WORK TO BE COMPLETED - Although the data below holds other lines too, output only those from the line with "nw span_superset by blast" up to and including the line with "card_image_le by blast", exactly as they appear.

EXTRACTED ENTRIES -
━━━━━━━━━━━━━━━━━━━━

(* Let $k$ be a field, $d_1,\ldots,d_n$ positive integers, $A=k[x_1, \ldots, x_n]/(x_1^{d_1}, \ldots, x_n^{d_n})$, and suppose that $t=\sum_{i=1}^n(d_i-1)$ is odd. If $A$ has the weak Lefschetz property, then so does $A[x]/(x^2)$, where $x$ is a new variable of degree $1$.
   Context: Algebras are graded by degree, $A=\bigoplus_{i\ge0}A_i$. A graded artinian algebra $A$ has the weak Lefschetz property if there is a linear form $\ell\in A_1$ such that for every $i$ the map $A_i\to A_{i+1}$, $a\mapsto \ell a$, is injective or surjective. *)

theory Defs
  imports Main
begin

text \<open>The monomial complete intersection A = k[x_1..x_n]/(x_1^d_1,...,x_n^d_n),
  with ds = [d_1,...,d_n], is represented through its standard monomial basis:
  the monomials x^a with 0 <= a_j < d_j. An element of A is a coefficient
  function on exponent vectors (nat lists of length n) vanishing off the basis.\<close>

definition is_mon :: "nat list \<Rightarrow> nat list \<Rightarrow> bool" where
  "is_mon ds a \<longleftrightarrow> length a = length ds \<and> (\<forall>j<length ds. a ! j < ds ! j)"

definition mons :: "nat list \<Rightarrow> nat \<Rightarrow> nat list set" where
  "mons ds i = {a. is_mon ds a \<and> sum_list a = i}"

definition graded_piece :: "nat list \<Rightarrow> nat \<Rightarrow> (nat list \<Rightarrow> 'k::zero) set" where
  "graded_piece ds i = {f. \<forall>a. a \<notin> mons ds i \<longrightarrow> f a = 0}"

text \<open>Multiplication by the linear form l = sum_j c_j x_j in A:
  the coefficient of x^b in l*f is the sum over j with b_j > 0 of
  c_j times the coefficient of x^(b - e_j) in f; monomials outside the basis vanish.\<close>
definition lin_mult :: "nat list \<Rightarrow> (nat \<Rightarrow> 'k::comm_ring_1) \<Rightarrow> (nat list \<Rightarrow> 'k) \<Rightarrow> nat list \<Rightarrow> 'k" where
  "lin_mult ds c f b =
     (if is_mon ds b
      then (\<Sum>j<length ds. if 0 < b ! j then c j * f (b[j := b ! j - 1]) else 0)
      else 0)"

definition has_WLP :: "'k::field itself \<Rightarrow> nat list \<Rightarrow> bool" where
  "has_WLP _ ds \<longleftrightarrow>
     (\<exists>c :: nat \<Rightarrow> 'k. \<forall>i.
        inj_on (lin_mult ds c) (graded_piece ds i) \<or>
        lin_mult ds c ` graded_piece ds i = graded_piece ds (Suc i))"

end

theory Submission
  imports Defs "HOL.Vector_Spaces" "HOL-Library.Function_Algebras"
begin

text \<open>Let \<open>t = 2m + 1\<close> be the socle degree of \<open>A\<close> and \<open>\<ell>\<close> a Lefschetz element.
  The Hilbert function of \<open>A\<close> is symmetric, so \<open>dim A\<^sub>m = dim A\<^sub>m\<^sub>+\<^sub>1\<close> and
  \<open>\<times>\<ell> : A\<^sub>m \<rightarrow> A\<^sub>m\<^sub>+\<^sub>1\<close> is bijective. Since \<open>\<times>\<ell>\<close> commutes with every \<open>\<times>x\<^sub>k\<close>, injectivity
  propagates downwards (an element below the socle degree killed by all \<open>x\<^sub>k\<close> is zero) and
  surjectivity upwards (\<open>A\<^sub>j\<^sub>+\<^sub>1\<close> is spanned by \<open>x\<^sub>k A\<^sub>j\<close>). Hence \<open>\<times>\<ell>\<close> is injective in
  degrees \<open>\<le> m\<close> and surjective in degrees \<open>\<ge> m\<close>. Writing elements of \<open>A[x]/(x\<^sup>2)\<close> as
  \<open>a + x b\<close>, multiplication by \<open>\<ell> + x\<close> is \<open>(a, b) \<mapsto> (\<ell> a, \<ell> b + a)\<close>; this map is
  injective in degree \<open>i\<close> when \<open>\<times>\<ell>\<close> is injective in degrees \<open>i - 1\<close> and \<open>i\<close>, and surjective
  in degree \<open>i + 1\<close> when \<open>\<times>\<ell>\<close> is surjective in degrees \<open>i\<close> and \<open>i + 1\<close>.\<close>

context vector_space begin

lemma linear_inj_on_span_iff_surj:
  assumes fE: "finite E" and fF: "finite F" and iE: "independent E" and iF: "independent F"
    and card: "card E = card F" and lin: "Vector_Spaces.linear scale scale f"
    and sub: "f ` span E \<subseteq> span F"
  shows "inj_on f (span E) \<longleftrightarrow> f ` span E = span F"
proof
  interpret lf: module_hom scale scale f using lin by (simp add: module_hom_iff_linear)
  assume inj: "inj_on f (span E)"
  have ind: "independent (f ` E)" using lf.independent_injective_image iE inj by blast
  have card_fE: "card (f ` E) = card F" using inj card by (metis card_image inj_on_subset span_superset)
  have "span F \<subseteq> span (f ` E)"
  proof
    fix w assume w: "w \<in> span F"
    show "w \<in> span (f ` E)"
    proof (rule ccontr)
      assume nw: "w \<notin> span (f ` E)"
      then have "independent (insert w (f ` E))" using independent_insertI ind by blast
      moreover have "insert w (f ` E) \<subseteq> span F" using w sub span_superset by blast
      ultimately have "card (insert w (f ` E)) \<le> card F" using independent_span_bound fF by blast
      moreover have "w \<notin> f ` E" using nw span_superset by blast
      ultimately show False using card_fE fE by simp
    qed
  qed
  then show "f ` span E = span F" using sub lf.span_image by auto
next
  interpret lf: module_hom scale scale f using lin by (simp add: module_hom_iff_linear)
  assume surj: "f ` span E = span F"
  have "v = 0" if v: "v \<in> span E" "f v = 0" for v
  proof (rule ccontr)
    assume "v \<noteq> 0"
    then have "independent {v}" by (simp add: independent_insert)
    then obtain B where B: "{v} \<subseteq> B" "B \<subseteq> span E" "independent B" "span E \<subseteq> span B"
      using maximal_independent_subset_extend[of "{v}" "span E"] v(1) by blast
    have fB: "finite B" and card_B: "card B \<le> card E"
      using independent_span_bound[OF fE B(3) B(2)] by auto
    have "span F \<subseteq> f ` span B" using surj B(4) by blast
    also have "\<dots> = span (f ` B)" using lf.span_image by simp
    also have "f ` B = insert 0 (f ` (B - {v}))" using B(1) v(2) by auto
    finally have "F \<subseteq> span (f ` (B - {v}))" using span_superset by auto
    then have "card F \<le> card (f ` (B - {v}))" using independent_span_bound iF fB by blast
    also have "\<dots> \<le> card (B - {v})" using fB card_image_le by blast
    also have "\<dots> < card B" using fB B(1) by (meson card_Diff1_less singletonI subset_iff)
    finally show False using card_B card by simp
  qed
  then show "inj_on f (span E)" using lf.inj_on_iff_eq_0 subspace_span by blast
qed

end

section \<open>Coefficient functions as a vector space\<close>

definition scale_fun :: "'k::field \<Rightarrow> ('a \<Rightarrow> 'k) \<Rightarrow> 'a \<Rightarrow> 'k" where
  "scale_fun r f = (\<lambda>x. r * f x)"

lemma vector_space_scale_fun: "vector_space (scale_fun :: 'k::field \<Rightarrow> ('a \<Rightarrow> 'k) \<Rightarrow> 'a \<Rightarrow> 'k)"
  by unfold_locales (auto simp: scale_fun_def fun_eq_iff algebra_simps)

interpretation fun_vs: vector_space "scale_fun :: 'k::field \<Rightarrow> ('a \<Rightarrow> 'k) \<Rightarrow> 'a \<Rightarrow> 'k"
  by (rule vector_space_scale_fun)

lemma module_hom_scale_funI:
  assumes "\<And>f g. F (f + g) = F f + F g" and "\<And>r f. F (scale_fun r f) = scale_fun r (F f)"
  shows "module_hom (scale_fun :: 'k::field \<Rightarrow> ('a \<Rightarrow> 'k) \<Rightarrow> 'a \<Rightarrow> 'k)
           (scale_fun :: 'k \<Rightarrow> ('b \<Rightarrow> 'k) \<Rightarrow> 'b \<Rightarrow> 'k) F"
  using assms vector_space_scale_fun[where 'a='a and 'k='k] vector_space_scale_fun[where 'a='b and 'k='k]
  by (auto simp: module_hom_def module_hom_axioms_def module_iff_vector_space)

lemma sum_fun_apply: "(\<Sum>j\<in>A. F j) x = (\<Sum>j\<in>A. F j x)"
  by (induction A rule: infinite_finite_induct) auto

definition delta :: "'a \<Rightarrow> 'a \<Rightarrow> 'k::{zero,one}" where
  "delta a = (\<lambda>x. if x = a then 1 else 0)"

━━━━━━━━━━━━━━━━━━━━

RESPONSE BELOW -
      moreover have "w \<notin> f ` E" using nw span_superset by blast
      ultimately show False using card_fE fE by simp
    qed
  qed
  then show "f ` span E = span F" using sub lf.span_image by auto
next
  interpret lf: module_hom scale scale f using lin by (simp add: module_hom_iff_linear)
  assume surj: "f ` span E = span F"
  have "v = 0" if v: "v \<in> span E" "f v = 0" for v
  proof (rule ccontr)
    assume "v \<noteq> 0"
    then have "independent {v}" by (simp add: independent_insert)
    then obtain B where B: "{v} \<subseteq> B" "B \<subseteq> span E" "independent B" "span E \<subseteq> span B"
      using maximal_independent_subset_extend[of "{v}" "span E"] v(1) by blast
    have fB: "finite B" and card_B: "card B \<le> card E"
      using independent_span_bound[OF fE B(3) B(2)] by auto
    have "span F \<subseteq> f ` span B" using surj B(4) by blast
    also have "\<dots> = span (f ` B)" using lf.span_image by simp
    also have "f ` B = insert 0 (f ` (B - {v}))" using B(1) v(2) by auto
    finally have "F \<subseteq> span (f ` (B - {v}))" using span_superset by auto
    then have "card F \<le> card (f ` (B - {v}))" using independent_span_bound iF fB by blast
    also have "\<dots> \<le> card (B - {v})" using fB card_image_le by blast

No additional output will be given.